Japanese yen rises versus the dollar, but stays close to a two-month low.
On Tuesday, the Japanese Yen (JPY) remained on top against the US dollar, despite a lack of follow-through purchasing and a close to the lowest level since early August seen the day before. Any real upside for the JPY, however, remains elusive in the face of uncertainty surrounding the Bank of Japan’s (BoJ) rate-hike prospects. This, together with A broadly favorable risk tone should keep pressure on the safe-haven JPY.
Bets on fewer interest rate decreases by the Fed support the USD and boost USDJPY bulls.
Meanwhile, expectations of less aggressive policy easing from the Federal Reserve (Fed) and increased betting on a regular 25 basis point (bps) rate decrease in November keep US Treasury bond yields elevated. This helps the US Dollar (USD) maintain its two-month high while also limiting the gain for the lower-yielding Japanese yen. As a result, any following decline in the USDJPY pair may still be viewed as a buying opportunity with limited downside.
Daily Market Movers: Japanese Yen struggles to attract any major buyers amid BoJ rate uncertainty and risk-on mentality.
Japanese Prime Minister Shigeru Ishiba’s recent statements successfully pushed back market expectations for any future interest rate increases.

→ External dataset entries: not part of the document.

lemma prob_rcga_Suc_le_neutral_cdf:
  assumes "weakly_prefers h n r i k" and "K > 0" and "i < n" and "k < r" and "1 / real r * K \<in> \<int>"
  shows "measure (map_pmf (\<lambda>p. p i k) (rcga h n r K (Suc t))) {..c}
       \<le> (\<integral>v. neutral_cdf K v c \<partial>map_pmf (\<lambda>p. p i k) (rcga h n r K t))"
proof -
  have "integrable (map_pmf (\<lambda>p. p i k) (rcga h n r K t)) (\<lambda>v. neutral_cdf K v c)"
    by (rule integrable_neutral_cdf) (use freq_rcga_on_grid[OF assms(2-5)] in blast)
  then have integrable: "integrable (rcga h n r K t) (\<lambda>p. neutral_cdf K (p i k) c)"
    by simp
  have "measure (map_pmf (\<lambda>p. p i k) (rcga h n r K (Suc t))) {..c}
      = (\<integral>p. measure (rcga_step h n r K p) {q. q i k \<le> c} \<partial>rcga h n r K t)"
    by (rule prob_rcga_Suc_atMost)
  also have "\<dots> \<le> (\<integral>p. neutral_cdf K (p i k) c \<partial>rcga h n r K t)"
  proof (rule integral_mono_AE[OF _ integrable AE_pmfI])
    show "integrable (rcga h n r K t) (\<lambda>p. measure (rcga_step h n r K p) {q. q i k \<le> c})"
      by (rule measure_pmf.integrable_const_bound[where B = 1]) auto
    fix p
    assume p: "p \<in> set_pmf (rcga h n r K t)"
    have "grid_prob_vector K r (p i)"
      using assms(2) _ assms(3,5) p by (rule grid_prob_vector_rcga) (use assms(4) in simp)
    with assms(1) show "measure (rcga_step h n r K p) {q. q i k \<le> c} \<le> neutral_cdf K (p i k) c"
      using assms(2-4) by (rule prob_rcga_step_le_neutral_cdf)
  qed
  finally show ?thesis
    by simp
qed

lemma prob_rcga_Suc_eq_neutral_cdf:
  assumes "neutral h n r i" and "K > 0" and "i < n" and "k < r" and "1 / real r * K \<in> \<int>"
  shows "measure (map_pmf (\<lambda>p. p i k) (rcga h n r K (Suc t))) {..c}
       = (\<integral>v. neutral_cdf K v c \<partial>map_pmf (\<lambda>p. p i k) (rcga h n r K t))"
proof -
  have "measure (map_pmf (\<lambda>p. p i k) (rcga h n r K (Suc t))) {..c}
      = (\<integral>p. measure (rcga_step h n r K p) {q. q i k \<le> c} \<partial>rcga h n r K t)"
    by (rule prob_rcga_Suc_atMost)
  also have "\<dots> = (\<integral>p. neutral_cdf K (p i k) c \<partial>rcga h n r K t)"
  proof (rule integral_cong_AE[OF _ _ AE_pmfI])
    fix p
    assume p: "p \<in> set_pmf (rcga h n r K t)"
    have "grid_prob_vector K r (p i)"
      using assms(2) _ assms(3,5) p by (rule grid_prob_vector_rcga) (use assms(4) in simp)
    with assms(1) show "measure (rcga_step h n r K p) {q. q i k \<le> c} = neutral_cdf K (p i k) c"
      using assms(2-4) by (rule prob_rcga_step_eq_neutral_cdf)
  qed simp_all
  finally show ?thesis
    by simp
qed
lemma weight_cubic_diff: "weight_cubic k v - weight_cubic k' v = (k' - k) * ((2/5 - v)^2 * (4/25 - 3*v/5))"
  unfolding weight_cubic_def by algebra

lemma weight_cubic_root_bounds:
  assumes "k > 0" "weight_cubic k v = 0"
  shows "v \<noteq> 4/25" "4/25 - 3*v/5 > 0"
proof -
  show v: "v \<noteq> 4/25"
  proof
    assume "v = 4/25"
    with assms show False by (simp add: weight_cubic_at_4_25)
  qed
  have "0 < (v - 4/25)^2" using v by simp
  also have "\<dots> = k * (2/5 - v)^2 * (4/25 - 3*v/5)" using assms(2) unfolding weight_cubic_def by simp
  finally have "0 < k * (2/5 - v)^2 * (4/25 - 3*v/5)" .
  moreover have "k * (2/5 - v)^2 \<ge> 0" using assms(1) by simp
  ultimately show "4/25 - 3*v/5 > 0" by (metis mult_nonneg_nonpos not_le)
qed

text \<open>\<open>k_crit = (2\<beta>)\<^sup>2\<close> is the value of \<open>k\<close> at which the two negative roots of the cubic
  merge into the double root \<open>(1 - \<surd>41)/25\<close>.\<close>
definition k_crit :: real where "k_crit = (123 * sqrt 41 - 767) / 16"

lemma sqrt_41_gt: "sqrt 41 > (6.4::real)"
  by (rule real_less_rsqrt) (simp add: power2_eq_square)

lemma k_crit_gt_1: "k_crit > 1"
  using sqrt_41_gt unfolding k_crit_def by simp
(* If $\mathrm{char}(\Bbbk)=0$ or $\mathrm{char}(\Bbbk)\ge5$, then $F=\{f_1,f_2,f_3,f_4\}$, where $f_1=3y^3-4xyz+x^4-3y^3z^5-2xy^6z^2-x^2y^4z^3$, $f_2=2y^2z-3xz^2+x^3y-2y^7z^2-xy^5z^3$, $f_3=yz^2-3x^2y^2+2x^3z-y^6z^3-2xy^4z^4$, $f_4=z^3-2xy^3+x^2yz-y^5z^4$, is a standard basis of $P$ with respect to the negative degree reverse lexicographic order $>_{\rm ds}$.
   Context: $\Bbbk$ is a field, $\rho:\Bbbk[[x,y,z]]\to\Bbbk[[t]]$ is the $\Bbbk$-algebra morphism with $\rho(x)=t^6+t^{31}$, $\rho(y)=t^8$, $\rho(z)=t^{10}$, and $P=\ker\rho$. The order $>_{\rm ds}$ on monomials $x^\alpha=x^{\alpha_1}y^{\alpha_2}z^{\alpha_3}$: $x^\alpha>_{\rm ds}x^\beta$ iff $|\alpha|<|\beta|$, or $|\alpha|=|\beta|$ and there is $i\in\{1,2\}$ with $\alpha_3=\beta_3,\ldots,\alpha_{i+1}=\beta_{i+1}$ and $\alpha_i<\beta_i$ (so $1>x>y>z>x^2>xy>y^2>xz>yz>z^2>\cdots$). For $0\ne f\in\Bbbk[[x,y,z]]$, the leading monomial $\mathrm{LM}(f)$ is the $>_{\rm ds}$-largest monomial in the support of $f$. A finite set $G\subseteq I$ is a standard basis of an ideal $I\subseteq\Bbbk[[x,y,z]]$ if the ideal generated by $\{\mathrm{LM}(g):g\in G,g\neq0\}$ equals the ideal generated by $\{\mathrm{LM}(f): f\in I, f\ne0\}$. *)

theory Defs
  imports "HOL-Computational_Algebra.Formal_Power_Series"
begin

text \<open>The power series ring k[[x,y,z]] is modelled as the nested formal power series
  type ('a fps) fps fps: the outermost index is the exponent of z, the middle one of y,
  the innermost one of x.\<close>

type_synonym 'a ps3 = "'a fps fps fps"

definition vx :: "'a::comm_ring_1 ps3" where "vx = fps_const (fps_const fps_X)"
definition vy :: "'a::comm_ring_1 ps3" where "vy = fps_const fps_X"
definition vz :: "'a::comm_ring_1 ps3" where "vz = fps_X"

definition coeff3 :: "'a::comm_ring_1 ps3 \<Rightarrow> nat \<times> nat \<times> nat \<Rightarrow> 'a" where
  "coeff3 f \<alpha> = (case \<alpha> of (a, b, c) \<Rightarrow> fps_nth (fps_nth (fps_nth f c) b) a)"

definition mon3 :: "nat \<times> nat \<times> nat \<Rightarrow> 'a::comm_ring_1 ps3" where
  "mon3 \<alpha> = (case \<alpha> of (a, b, c) \<Rightarrow> vx ^ a * vy ^ b * vz ^ c)"

text \<open>The substitution morphism rho: x \<mapsto> t^6+t^31, y \<mapsto> t^8, z \<mapsto> t^10.
  Monomial x^a y^b z^c maps to a series of order 6a+8b+10c \<ge> a+b+c, so only
  exponents a,b,c \<le> n contribute to the coefficient of t^n.\<close>
definition rho :: "'a::comm_ring_1 ps3 \<Rightarrow> 'a fps" where
  "rho f = Abs_fps (\<lambda>n. \<Sum>a\<le>n. \<Sum>b\<le>n. \<Sum>c\<le>n.
      coeff3 f (a, b, c) * fps_nth ((fps_X ^ 6 + fps_X ^ 31) ^ a * fps_X ^ (8 * b) * fps_X ^ (10 * c)) n)"

definition Pker :: "'a::comm_ring_1 ps3 set" where
  "Pker = {f. rho f = 0}"

text \<open>Negative degree reverse lexicographic order: ds_gr \<alpha> \<beta> means x^\<alpha> >_ds x^\<beta>.\<close>
definition ds_gr :: "nat \<times> nat \<times> nat \<Rightarrow> nat \<times> nat \<times> nat \<Rightarrow> bool" where
  "ds_gr \<alpha> \<beta> = (case \<alpha> of (a1, a2, a3) \<Rightarrow> case \<beta> of (b1, b2, b3) \<Rightarrow>
      a1 + a2 + a3 < b1 + b2 + b3 \<or>
      (a1 + a2 + a3 = b1 + b2 + b3 \<and>
        (a3 < b3 \<or> (a3 = b3 \<and> a2 < b2) \<or> (a3 = b3 \<and> a2 = b2 \<and> a1 < b1))))"

definition LE3 :: "'a::comm_ring_1 ps3 \<Rightarrow> nat \<times> nat \<times> nat" where
  "LE3 f = (THE \<alpha>. coeff3 f \<alpha> \<noteq> 0 \<and> (\<forall>\<beta>. coeff3 f \<beta> \<noteq> 0 \<and> \<beta> \<noteq> \<alpha> \<longrightarrow> ds_gr \<alpha> \<beta>))"

definition LM3 :: "'a::comm_ring_1 ps3 \<Rightarrow> 'a ps3" where
  "LM3 f = mon3 (LE3 f)"

definition ideal_gen :: "'a::comm_ring_1 set \<Rightarrow> 'a set" where
  "ideal_gen S = module.span ((*) :: 'a \<Rightarrow> 'a \<Rightarrow> 'a) S"

definition standard_basis :: "'a::comm_ring_1 ps3 set \<Rightarrow> 'a ps3 set \<Rightarrow> bool" where
  "standard_basis G I \<longleftrightarrow> finite G \<and> G \<subseteq> I \<and>
     ideal_gen {LM3 g | g. g \<in> G \<and> g \<noteq> 0} = ideal_gen {LM3 f | f. f \<in> I \<and> f \<noteq> 0}"

definition f1 :: "'a::comm_ring_1 ps3" where
  "f1 = 3 * vy^3 - 4 * vx * vy * vz + vx^4 - 3 * vy^3 * vz^5 - 2 * vx * vy^6 * vz^2
        - vx^2 * vy^4 * vz^3"
definition f2 :: "'a::comm_ring_1 ps3" where
  "f2 = 2 * vy^2 * vz - 3 * vx * vz^2 + vx^3 * vy - 2 * vy^7 * vz^2 - vx * vy^5 * vz^3"
definition f3 :: "'a::comm_ring_1 ps3" where
  "f3 = vy * vz^2 - 3 * vx^2 * vy^2 + 2 * vx^3 * vz - vy^6 * vz^3 - 2 * vx * vy^4 * vz^4"
definition f4 :: "'a::comm_ring_1 ps3" where
  "f4 = vz^3 - 2 * vx * vy^3 + vx^2 * vy * vz - vy^5 * vz^4"

end

theory Submission
  imports Defs "HOL-Library.Product_Lexorder"
begin

text \<open>
  The substitution sends x^a y^b z^c to t^w (1 + t^25)^a with weight w = 6a + 8b + 10c. Each f_i
  thus maps to t^w times a polynomial in t^25 that vanishes identically, and its leading monomial
  is one of y^3, y^2 z, y z^2, z^3, which generate (y, z)^3. Conversely, let f in P have leading
  exponent (a, b, c) with b + c \<le> 2. An exponent ds-below (a, b, c) that contributes to the
  coefficient of t^w or t^(w+25) of rho f has weight exactly w, because its weight is at least
  six times its degree while (1 + t^25)^a only contributes in steps of 25. Besides (a, b, c) there
  is at most one such exponent, and its x-exponent a' exceeds a by 1, 2 or 3. The two coefficients
  give c + c' = 0 and a c + a' c' = 0, so (a' - a) c = 0, which forces c = 0 when 2 and 3 are
  invertible. Hence every leading monomial of P lies in (y, z)^3.
\<close>

lemma fps_nth_one_plus_X_power_power:
  assumes "0 < k"
  shows "fps_nth ((1 + fps_X ^ k) ^ a :: 'a::comm_ring_1 fps) j
           = (if k dvd j then of_nat (a choose (j div k)) else 0)"
proof -
  have "(1 + fps_X ^ k) ^ a = (\<Sum>i\<le>a. of_nat (a choose i) * (fps_X ^ k) ^ i :: 'a fps)"
    by (subst add.commute) (simp add: binomial_ring mult_ac)
  then have "fps_nth ((1 + fps_X ^ k) ^ a :: 'a fps) j
      = (\<Sum>i\<le>a. if j = k * i then of_nat (a choose i) else 0)"
    by (simp add: fps_sum_nth flip: fps_of_nat power_mult)
      (auto intro!: sum.cong)
  also have "\<dots> = (if k dvd j then of_nat (a choose (j div k)) else 0)"
    using assms by (cases "k dvd j") (auto simp: binomial_eq_0 intro!: sum.neutral)
  finally show ?thesis .
qed

definition weight :: "nat \<times> nat \<times> nat \<Rightarrow> nat" where
  "weight \<alpha> = (case \<alpha> of (a, b, c) \<Rightarrow> 6 * a + 8 * b + 10 * c)"

definition rho_mon :: "nat \<times> nat \<times> nat \<Rightarrow> 'a::comm_ring_1 fps" where
  "rho_mon \<alpha> = (case \<alpha> of (a, b, c) \<Rightarrow>
     (fps_X ^ 6 + fps_X ^ 31) ^ a * fps_X ^ (8 * b) * fps_X ^ (10 * c))"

By the Bank of Japan (BoJ) in the near future.
On Monday, US market indices continued to rise, with the S&P 500 and Dow Jones Industrial Average setting fresh highs on expectations of strong results.
The US dollar extended its recent gains over the last two weeks or so, reaching its highest level since August 8 amid bets of lesser interest rate decreases by the Federal Reserve.
Minneapolis Fed President Neel Kashkari said on Monday that recent job data suggests. That the labor market is not worsening, and that policy will be guide by statistics and the economy’s performance.
Fed Governor Christopher Waller stated that the US central bank should continue with more prudence regarding interest rate decreases.
Separately, Fed Governor Christopher Waller stated that the US central bank should continue with more prudence regarding interest rate decreases. More than was required in the September policy meeting.
According to the CME Group’s FedWatch Tool, traders expect a usual 25 basis point rate drop in November, with over a 15% possibility of no cut.
A recent surge in 10-year US government bond yields to levels above the 4% mark supports USD bulls and should contain the low-yielding Japanese yen.
Traders now expect the Empire State Manufacturing Index to provide some impetus later in the North American afternoon, ahead of remarks by prominent FOMC members.